definition d2S :: "('v::real_normed_vector \<Rightarrow> real) \<Rightarrow> 'v \<Rightarrow> 'v \<Rightarrow> 'v \<Rightarrow> real" where
  "d2S S \<phi> u v = frechet_derivative (\<lambda>\<psi>. dS S \<psi> u) (at \<phi>) v"

lemma iter_dd_const: "\<exists>c. iter_dd (\<lambda>_. w) vs = (\<lambda>_. c)"
  by (induction vs) auto

lemma smooth_map_const: "smooth_map (\<lambda>_. w)"
  unfolding smooth_map_def
proof (intro allI)
  fix vs x
  obtain c where "iter_dd (\<lambda>_. w) vs = (\<lambda>_. c)"
    using iter_dd_const by blast
  then show "iter_dd (\<lambda>_. w) vs differentiable (at x)"
    by simp
qed

context
  fixes S :: "'v::real_normed_vector \<Rightarrow> real"
  assumes smooth_S: "smooth_map S"
begin

lemma smooth_map_has_derivative_dS: "(S has_derivative dS S y) (at y)"
proof -
  have "iter_dd S [] differentiable (at y)"
    using smooth_S unfolding smooth_map_def by blast
  then show ?thesis
    unfolding dS_def by (simp add: frechet_derivative_works)
qed

lemma smooth_map_has_derivative_d2S: "((\<lambda>\<psi>. dS S \<psi> u) has_derivative d2S S y u) (at y)"
proof -
  have "iter_dd S [u] differentiable (at y)"
    using smooth_S unfolding smooth_map_def by blast
  then show ?thesis
    unfolding d2S_def dS_def by (simp add: frechet_derivative_works)
qed

lemma smooth_map_isCont_d2S: "isCont (\<lambda>\<psi>. d2S S \<psi> u v) y"
proof -
  have "iter_dd S [v, u] differentiable (at y)"
    using smooth_S unfolding smooth_map_def by blast
  moreover have "iter_dd S [v, u] = (\<lambda>\<psi>. d2S S \<psi> u v)"
    by (simp add: d2S_def dS_def fun_eq_iff)
  ultimately show ?thesis
    using differentiable_imp_continuous_within by simp
qed

lemma d2S_commute: "d2S S \<phi> u v = d2S S \<phi> v u"
  by (rule second_derivative_symmetric[OF smooth_map_has_derivative_dS
        smooth_map_has_derivative_d2S smooth_map_isCont_d2S smooth_map_isCont_d2S])
lemma abs_Im_Phi_le:
  assumes "s \<le> - \<bar>\<zeta>\<bar> - 1"
  shows "\<bar>Im (Phi \<zeta> (Complex s t2))\<bar> \<le> 2"
proof -
  have "exp (2 * pi * (s - \<zeta>)) \<le> 1/3" "exp (2 * pi * s) \<le> 1/3"
    using exp_two_pi_le_third[of "s - \<zeta>"] exp_two_pi_le_third[of s] assms by auto
  then have "norm (Li2 (- exp (2 * of_real pi * (Complex s t2 - of_real \<zeta>)))) \<le> 1"
    "norm (Li2 (- exp (2 * of_real pi * (Complex s t2 + \<i> / 2)))) \<le> 1"
    using norm_Li2_le[of "- exp (2 * of_real pi * (Complex s t2 - of_real \<zeta>))"]
      norm_Li2_le[of "- exp (2 * of_real pi * (Complex s t2 + \<i> / 2))"] by simp_all
  then have "norm (Phi \<zeta> (Complex s t2)) \<le> 2"
    unfolding Phi_def using norm_triangle_ineq4 by (smt (verit))
  then show ?thesis
    using abs_Im_le_cmod by (smt (verit))
qed

lemma Im_Phi_ge_linear:
  assumes "0 < \<epsilon>"
  obtains S where "0 \<le> S"
    "\<And>s t2. S \<le> s \<Longrightarrow> -1/2 < t2 \<Longrightarrow> t2 < 0 \<Longrightarrow>
       2 * pi * (pi - \<epsilon>) * (s - S) - 2 \<le> Im (Phi \<zeta> (Complex s t2))"
proof -
  define \<delta> where "\<delta> = min (1/4) (\<epsilon>/4)"
  define S where "S = \<bar>\<zeta>\<bar> + 1/\<delta>"
  have \<delta>: "0 < \<delta>" "\<delta> \<le> 1/4" "4 * \<delta> \<le> \<epsilon>"
    using assms by (auto simp: \<delta>_def)
  have S_nonneg: "0 \<le> S"
    using \<delta> by (simp add: S_def)
  have "2 * pi * (pi - \<epsilon>) * (s - S) - 2 \<le> Im (Phi \<zeta> (Complex s t2))"
    if "S \<le> s" and t2: "-1/2 < t2" "t2 < 0" for s t2
  proof -
    define h where "h x = Im (Phi \<zeta> (Complex x t2))" for x
    have hd: "(h has_real_derivative Im (Phi' \<zeta> (Complex x t2))) (at x)" for x
      unfolding h_def by (rule has_real_derivative_Im_Phi[OF t2])
    define s0 where "s0 = - \<bar>\<zeta>\<bar> - 1"
    have "-2 \<le> h s0"
      using abs_Im_Phi_le[of s0 \<zeta> t2] by (simp add: h_def s0_def abs_le_iff)
    moreover have "0 * (S - s0) \<le> h S - h s0"
      by (rule has_real_derivative_ge_imp_diff_ge[OF _ hd])
         (use S_nonneg t2 Im_Phi'_nonneg in \<open>auto simp: s0_def\<close>)
    moreover have "2 * pi * (pi - \<epsilon>) * (s - S) \<le> h s - h S"
    proof (rule has_real_derivative_ge_imp_diff_ge[OF that(1) hd])
      fix x assume "S \<le> x"
      then have "1/\<delta> \<le> x" "1/\<delta> \<le> x - \<zeta>"
        by (auto simp: S_def)
      moreover have "x \<le> 2 * pi * x" "x - \<zeta> \<le> 2 * pi * (x - \<zeta>)"
        using calculation \<delta>(1) pi_gt3 by (auto intro!: mult_right_mono[of 1 "2 * pi", simplified]
            order_trans[OF _ calculation(1)] order_trans[OF _ calculation(2)])
      ultimately have "2 * pi * (pi - 4 * \<delta>) \<le> Im (Phi' \<zeta> (Complex x t2))"
        using Im_Phi'_ge[OF t2 \<delta>(2)] exp_minus_le[OF \<delta>(1)] by force
      then show "2 * pi * (pi - \<epsilon>) \<le> Im (Phi' \<zeta> (Complex x t2))"
        using \<delta>(3) by (smt (verit) mult_left_mono pi_gt_zero)
    qed
    ultimately show ?thesis
      by (simp add: h_def)
  qed
  with S_nonneg show ?thesis
    using that by blast
qed
(* Let $\mu$ be a probability measure on $\mathcal{X}$, $0\le c_1<1<c_2$ with $\frac{c_2-c_1}{1-c_1}\in\mathbb{N}$, $\tilde{\mathcal{P}}=\tilde{\mathcal{P}}_{c_1,c_2,\mu}$, $\varepsilon\ge0$ and $\delta\in[0,1]$ with $\delta\le\frac{(c_2-c_1e^\varepsilon)(1-c_1)}{c_2-c_1}$. Suppose $\mu$ is $(\alpha,\frac1\alpha,1)$-decomposable with $\alpha=\frac{1-c_1}{c_2-c_1}$. Let \[ r_1=\frac{c_1}{c_2-c_1}\cdot\frac{(1-c_1)e^\varepsilon+c_2-1}{1-\delta},\qquad r_2=\frac{c_2}{c_2-c_1}\cdot\frac{(1-c_1)e^\varepsilon+c_2-1}{e^\varepsilon+\frac{c_2-1}{1-c_1}\delta}. \] Then for every $f$-divergence, \[ \mathcal{R}(\mathcal{Q}_{\mathcal{X},\tilde{\mathcal{P}},\varepsilon,\delta},\tilde{\mathcal{P}},f)=\frac{1-r_1}{r_2-r_1}f(r_2)+\frac{r_2-1}{r_2-r_1}f(r_1). \] Moreover, with $\lambda^\star_{\varepsilon,\delta}=\frac{e^\varepsilon+\frac{c_2-c_1}{1-c_1}\delta-1}{(1-c_1)e^\varepsilon+c_2-1}$, the sampler $\mathbf{Q}^\star_{\varepsilon,\delta}(P)=\lambda^\star_{\varepsilon,\delta}P+(1-\lambda^\star_{\varepsilon,\delta})\mu$ belongs to $\mathcal{Q}_{\mathcal{X},\tilde{\mathcal{P}},\varepsilon,\delta}$ and satisfies $\sup_{P\in\tilde{\mathcal{P}}}D_f(P\|\mathbf{Q}^\star_{\varepsilon,\delta}(P))=\mathcal{R}(\mathcal{Q}_{\mathcal{X},\tilde{\mathcal{P}},\varepsilon,\delta},\tilde{\mathcal{P}},f)$ for every $f$-divergence.
   Context: $\tilde{\mathcal{P}}_{c_1,c_2,\mu}=\{P\in\mathcal{P}(\mathcal{X}):P\ll\mu,\ c_1\le\frac{dP}{d\mu}\le c_2\ \mu\text{-a.e.}\}$. $\mu$ is $(\alpha,t,u)$-decomposable if there are measurable $A_1,\dots,A_t$ with $\mu(A_i)=\alpha$ and each point in at most $u$ of them. A sampler $\mathbf{Q}:\tilde{\mathcal{P}}\to\mathcal{P}(\mathcal{X})$ is $(\varepsilon,\delta)$-LDP if $\mathbf{Q}(A\mid P)\le e^\varepsilon\mathbf{Q}(A\mid P')+\delta$ for all $P,P'\in\tilde{\mathcal{P}}$ and measurable $A$; $\mathcal{Q}_{\mathcal{X},\tilde{\mathcal{P}},\varepsilon,\delta}$ is the set of such samplers. $D_f(P\|Q)=\int qf(p/q)\,d\nu$ for convex $f:(0,\infty)\to\mathbb{R}$, $f(1)=0$ (conventions $f(0)=\lim_{t\to0^+}f(t)$, $0f(0/0)=0$, $0f(a/0)=a\lim_{u\to\infty}f(u)/u$). $\mathcal{R}(\mathcal{Q}_{\mathcal{X},\tilde{\mathcal{P}},\varepsilon,\delta},\tilde{\mathcal{P}},f)=\inf_{\mathbf{Q}\in\mathcal{Q}_{\mathcal{X},\tilde{\mathcal{P}},\varepsilon,\delta}}\sup_{P\in\tilde{\mathcal{P}}}D_f(P\|\mathbf{Q}(P))$. *)

theory Defs
  imports "HOL-Probability.Probability"
begin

▶ [Problem to work on]: From the entries, copy every line in which the string "where" can be found.

▶ [Task result]:
definition d2S :: "('v::real_normed_vector \<Rightarrow> real) \<Rightarrow> 'v \<Rightarrow> 'v \<Rightarrow> 'v \<Rightarrow> real" where
  obtain c where "iter_dd (\<lambda>_. w) vs = (\<lambda>_. c)"
  obtains S where "0 \<le> S"
  define \<delta> where "\<delta> = min (1/4) (\<epsilon>/4)"
  define S where "S = \<bar>\<zeta>\<bar> + 1/\<delta>"
    define h where "h x = Im (Phi \<zeta> (Complex x t2))" for x
    define s0 where "s0 = - \<bar>\<zeta>\<bar> - 1"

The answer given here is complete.